The salient findings of the Sachar Committee were: The literacy rate among Muslims was 59.1%, which was below the national average of 64.8 %. Less than 4% of Muslims were graduates or diploma holders compared to about 7% of the total population aged 20 years and above.

It was estimated that only one out of 25 students enrolled in an undergraduate program, and only one out of fifty students enrolled in a postgraduate program was a Muslim.

Interestingly, the percentage of Muslim men enrolling for a degree course was lower than that of women. But this healthy trend in female education was sought to be stopped by the movement against hijab- wearing Muslim girl students in Karnataka by the right wing brigade.

The Sachar committee further said that there was an urgent need to enhance diversity in residential, work and educational spaces; and to make available detailed information to facilitate action and monitoring. There should also be a multi- pronged strategy to address the educational backwardness of the Muslims the committee added.

It urged the government to do something for the Muslims not for votes but for uplifting a major section of the Indian citizenry ( which is now 200 million strong).
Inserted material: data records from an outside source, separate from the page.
lemma number_conserving_cong:
  assumes "number_conserving r' S k"
    and "\<forall>x\<in>S. \<forall>y\<in>S. \<forall>z\<in>S. r x y z = r' x y z"
    and "\<forall>x\<in>S. \<forall>y\<in>S. \<forall>z\<in>S. r x y z \<in> S"
  shows "number_conserving r S k"
  unfolding number_conserving_def
proof (intro allI impI)
  fix L :: int and c t
  assume "L > 0" and c: "(\<forall>i. c i \<in> S) \<and> (\<forall>i. c (i + L) = c i)"
  then have "nu r' c L (Suc t) k = nu r' c L t k"
    using assms(1) unfolding number_conserving_def by blast
  moreover have "nu r c L t' k = nu r' c L t' k" for t'
    unfolding nu_def using funpow_ca_step_cong[OF assms(2,3)] c by simp
  ultimately show "nu r c L (Suc t) k = nu r c L t k"
    by simp
qed

lemma sum_int_telescope:
  "(L::int) \<ge> 0 \<Longrightarrow> (\<Sum>i\<in>{1..L}. (g (i - 1) - g i :: real)) = g 0 - g L"
proof (induction L rule: int_ge_induct)
  case (step L)
  have "{1..L + 1} = insert (L + 1) {1..L}"
    using step by auto
  then show ?case using step by simp
qed simp

lemma number_conserving_if_flux:
  assumes closed: "\<forall>x\<in>S. \<forall>y\<in>S. \<forall>z\<in>S. r x y z \<in> S"
    and flux: "\<And>x y z. x \<in> S \<Longrightarrow> y \<in> S \<Longrightarrow> z \<in> S \<Longrightarrow> r x y z $ k = y $ k + F x y - F y z"
  shows "number_conserving r S k"
proof (rule number_conservingI[OF closed])
  fix L :: int and c
  assume "L > 0" and c: "\<forall>i. c i \<in> S" and periodic: "\<forall>i. c (i + L) = c i"
  define P where "P i = F (c i) (c (i + 1))" for i
  have "(\<Sum>i\<in>{1..L}. ca_step r c i $ k) = (\<Sum>i\<in>{1..L}. c i $ k + (P (i - 1) - P i))"
    using c by (intro sum.cong) (simp_all add: ca_step_def P_def flux)
  also have "\<dots> = (\<Sum>i\<in>{1..L}. c i $ k) + (P 0 - P L)"
    using \<open>L > 0\<close> by (simp add: sum.distrib sum_int_telescope)
  also have "P L = P 0"
    using periodic[rule_format, of 0] periodic[rule_format, of 1]
    by (simp add: P_def add.commute)
  finally show "(\<Sum>i\<in>{1..L}. ca_step r c i $ k) = (\<Sum>i\<in>{1..L}. c i $ k)"
    by simp
qed

definition cyclic_config :: "(real^3) list \<Rightarrow> int \<Rightarrow> real^3" where
  "cyclic_config ws i = ws ! nat (i mod int (length ws))"

lemma number_conserving_cyclic_config:
  assumes nc: "number_conserving r S k" and ws: "set ws \<subseteq> S" "ws \<noteq> []"
  shows "(\<Sum>i\<in>{1..int (length ws)}. ca_step r (cyclic_config ws) i $ k)
       = (\<Sum>i\<in>{1..int (length ws)}. cyclic_config ws i $ k)"
proof (rule number_conserving_first_step[OF nc])
  show "int (length ws) > 0"
    using ws(2) by simp
  show "\<forall>i. cyclic_config ws i \<in> S"
  proof
    fix i
    have "nat (i mod int (length ws)) < length ws"
      using ws(2) by (simp add: nat_less_iff)
    then show "cyclic_config ws i \<in> S"
      using ws(1) by (auto simp: cyclic_config_def)
  qed
  show "\<forall>i. cyclic_config ws (i + int (length ws)) = cyclic_config ws i"
    by (simp add: cyclic_config_def)
qed

definition vca_flux :: "(real^3 \<Rightarrow> real^3 \<Rightarrow> real^3 \<Rightarrow> real^3) \<Rightarrow> 3 \<Rightarrow> 3 \<Rightarrow> 3 \<Rightarrow> real" where
  "vca_flux h k a b = e3 a $ k - h (e3 1) (e3 1) (e3 a) $ k - h (e3 1) (e3 a) (e3 b) $ k"

lemma vca_flux_form:
  assumes nc: "number_conserving h E3 k"
  shows "h (e3 a) (e3 b) (e3 c) $ k = e3 b $ k + vca_flux h k a b - vca_flux h k b c"
proof -
  have in_E3: "set ws \<subseteq> E3" if "set ws \<subseteq> range e3" for ws
    using that by (simp add: E3_def)
  have "{1..4::int} = {1, 2, 3, 4}" and "{1..5::int} = {1, 2, 3, 4, 5}"
    by auto
  then have "h (e3 c) (e3 1) (e3 1) $ k + h (e3 1) (e3 1) (e3 b) $ k + h (e3 1) (e3 b) (e3 c) $ k
      + h (e3 b) (e3 c) (e3 1) $ k = e3 1 $ k + e3 1 $ k + e3 b $ k + e3 c $ k"
    and "h (e3 c) (e3 1) (e3 1) $ k + h (e3 1) (e3 1) (e3 a) $ k + h (e3 1) (e3 a) (e3 b) $ k
      + h (e3 a) (e3 b) (e3 c) $ k + h (e3 b) (e3 c) (e3 1) $ k
      = e3 1 $ k + e3 1 $ k + e3 a $ k + e3 b $ k + e3 c $ k"
    using number_conserving_cyclic_config[OF nc in_E3, of "[e3 1, e3 1, e3 b, e3 c]"]
      number_conserving_cyclic_config[OF nc in_E3, of "[e3 1, e3 1, e3 a, e3 b, e3 c]"]
    by (simp_all add: ca_step_def cyclic_config_def algebra_simps)
  then show ?thesis
    unfolding vca_flux_def by linarith
qed

definition fuzzy_flux :: "(real^3 \<Rightarrow> real^3 \<Rightarrow> real^3 \<Rightarrow> real^3) \<Rightarrow> 3 \<Rightarrow> real^3 \<Rightarrow> real^3 \<Rightarrow> real" where
  "fuzzy_flux h k x y = (\<Sum>a\<in>UNIV. \<Sum>b\<in>UNIV. x $ a * y $ b * vca_flux h k a b)"

lemma fuzzify_flux_form:
  assumes nc: "number_conserving h E3 k"
    and x: "(\<Sum>i\<in>UNIV. x $ i) = 1" and z: "(\<Sum>i\<in>UNIV. z $ i) = 1"
  shows "fuzzify h x y z $ k = y $ k + fuzzy_flux h k x y - fuzzy_flux h k y z"
proof -
  let ?w = "\<lambda>a b c. x $ a * y $ b * z $ c"
  have "fuzzify h x y z $ k = (\<Sum>a\<in>UNIV. \<Sum>b\<in>UNIV. \<Sum>c\<in>UNIV. ?w a b c * e3 b $ k)
     + (\<Sum>a\<in>UNIV. \<Sum>b\<in>UNIV. \<Sum>c\<in>UNIV. ?w a b c * vca_flux h k a b)
     - (\<Sum>a\<in>UNIV. \<Sum>b\<in>UNIV. \<Sum>c\<in>UNIV. ?w a b c * vca_flux h k b c)"
    unfolding fuzzify_component vca_flux_form[OF nc]
    by (simp add: algebra_simps sum.distrib sum_subtractf)
  moreover have "(\<Sum>a\<in>UNIV. \<Sum>b\<in>UNIV. \<Sum>c\<in>UNIV. ?w a b c * e3 b $ k) = y $ k"
  proof -
    have "(\<Sum>a\<in>UNIV. \<Sum>b\<in>UNIV. \<Sum>c\<in>UNIV. ?w a b c * e3 b $ k)
       = (\<Sum>a\<in>UNIV. x $ a) * (\<Sum>b\<in>UNIV. y $ b * e3 b $ k) * (\<Sum>c\<in>UNIV. z $ c)"
      unfolding sum_product3[symmetric] by (simp add: mult_ac)
    then show ?thesis
      using x z by (simp add: sum_mult_e3_component)
  qed
  moreover have "(\<Sum>a\<in>UNIV. \<Sum>b\<in>UNIV. \<Sum>c\<in>UNIV. ?w a b c * vca_flux h k a b) = fuzzy_flux h k x y"
  proof -
    have "(\<Sum>a\<in>UNIV. \<Sum>b\<in>UNIV. \<Sum>c\<in>UNIV. ?w a b c * vca_flux h k a b)
       = (\<Sum>a\<in>UNIV. \<Sum>b\<in>UNIV. x $ a * y $ b * vca_flux h k a b * (\<Sum>c\<in>UNIV. z $ c))"
      by (simp only: sum_distrib_left) (simp add: mult_ac)
    then show ?thesis
      using z by (simp add: fuzzy_flux_def)
  qed
  moreover have "(\<Sum>a\<in>UNIV. \<Sum>b\<in>UNIV. \<Sum>c\<in>UNIV. ?w a b c * vca_flux h k b c) = fuzzy_flux h k y z"
  proof -
    have "(\<Sum>a\<in>UNIV. \<Sum>b\<in>UNIV. \<Sum>c\<in>UNIV. ?w a b c * vca_flux h k b c)
       = (\<Sum>a\<in>UNIV. x $ a * fuzzy_flux h k y z)"
      by (simp add: fuzzy_flux_def sum_distrib_left mult.assoc)
    then show ?thesis
      using x by (simp flip: sum_distrib_right)
  qed
  ultimately show ?thesis
    by simp
qed

theorem mainTheorem2:
  fixes h :: "real^3 \<Rightarrow> real^3 \<Rightarrow> real^3 \<Rightarrow> real^3" and k :: 3
  assumes "is_VCA_rule h"
  shows "number_conserving (fuzzify h) Delta k \<longleftrightarrow> number_conserving h E3 k"
proof
  assume "number_conserving (fuzzify h) Delta k"
  then have "number_conserving (fuzzify h) E3 k"
    using E3_subset_Delta by (rule number_conserving_subset)
  moreover have "\<forall>x\<in>E3. \<forall>y\<in>E3. \<forall>z\<in>E3. h x y z = fuzzify h x y z"
    using fuzzify_eq_on_E3 by simp
  ultimately show "number_conserving h E3 k"
    using assms unfolding is_VCA_rule_def by (rule number_conserving_cong)
next
  assume nc: "number_conserving h E3 k"
  let ?S = "{x::real^3. (\<Sum>i\<in>UNIV. x $ i) = 1}"
  have "number_conserving (fuzzify h) ?S k"
  proof (rule number_conserving_if_flux[where F = "fuzzy_flux h k"])
    show "\<forall>x\<in>?S. \<forall>y\<in>?S. \<forall>z\<in>?S. fuzzify h x y z \<in> ?S"
      using sum_fuzzify_eq_1[OF assms] by simp
    show "fuzzify h x y z $ k = y $ k + fuzzy_flux h k x y - fuzzy_flux h k y z"
      if "x \<in> ?S" and "z \<in> ?S" for x y z
      using that by (simp add: fuzzify_flux_form[OF nc])
  qed
  then show "number_conserving (fuzzify h) Delta k"
    by (rule number_conserving_subset) (auto simp: Delta_def)
qed

end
Madarsas should be transformed into modern educational centers for both religious and vocational studies. And Muslims should be provided reservation in higher education and elite institutions such as the IITs and IIMs.

The Justice Ranganath Mishra Commission identified criteria for socially and economically backward classes among religious and linguistic minorities, and suggested various welfare measures for the minorities including reservation in jobs and educational institutions.

It is, however, important to note that Muslim backwardness is a feature of the North Indian States and not those of the South. In Kerala, Karnataka, Tamil Nadu, Andhra Pradesh, and even in Maharashtra, the Muslims are well up in education. This is because they are economically better off thanks to their involvement in trade. And the pre-Independence educated Muslim middle class did not flee to Pakistan as they did in the North.

The South Indian Muslims not only remained in India but gradually invested in education at the school, university and professional levels. The privatisation of higher education in the South threw open education to Muslim entrepreneurs who set up degree and professional colleges.

In his paper entitled: Under-representation of Muslims in Higher Education: How and Why the Kerala Story is Somewhat Different? Jose Sebastian says that the emergence of the Indian Union Muslim League (IUML) as a political force in the post-independence era, and also the emergence of social reform movements, led to rapid progress in Muslim education.

Remittances of Kerala Muslim workers in the Gulf countries also greatly enabled Muslim educational advancement. And importantly, the IUML has handled the Education portfolio in most of the coalition governments since 1967. In 1968 Calicut University was established in Malabar, a Muslim-dominated district in Kerala. C.H Muhammed Koya was holding the Education portfolio during this period.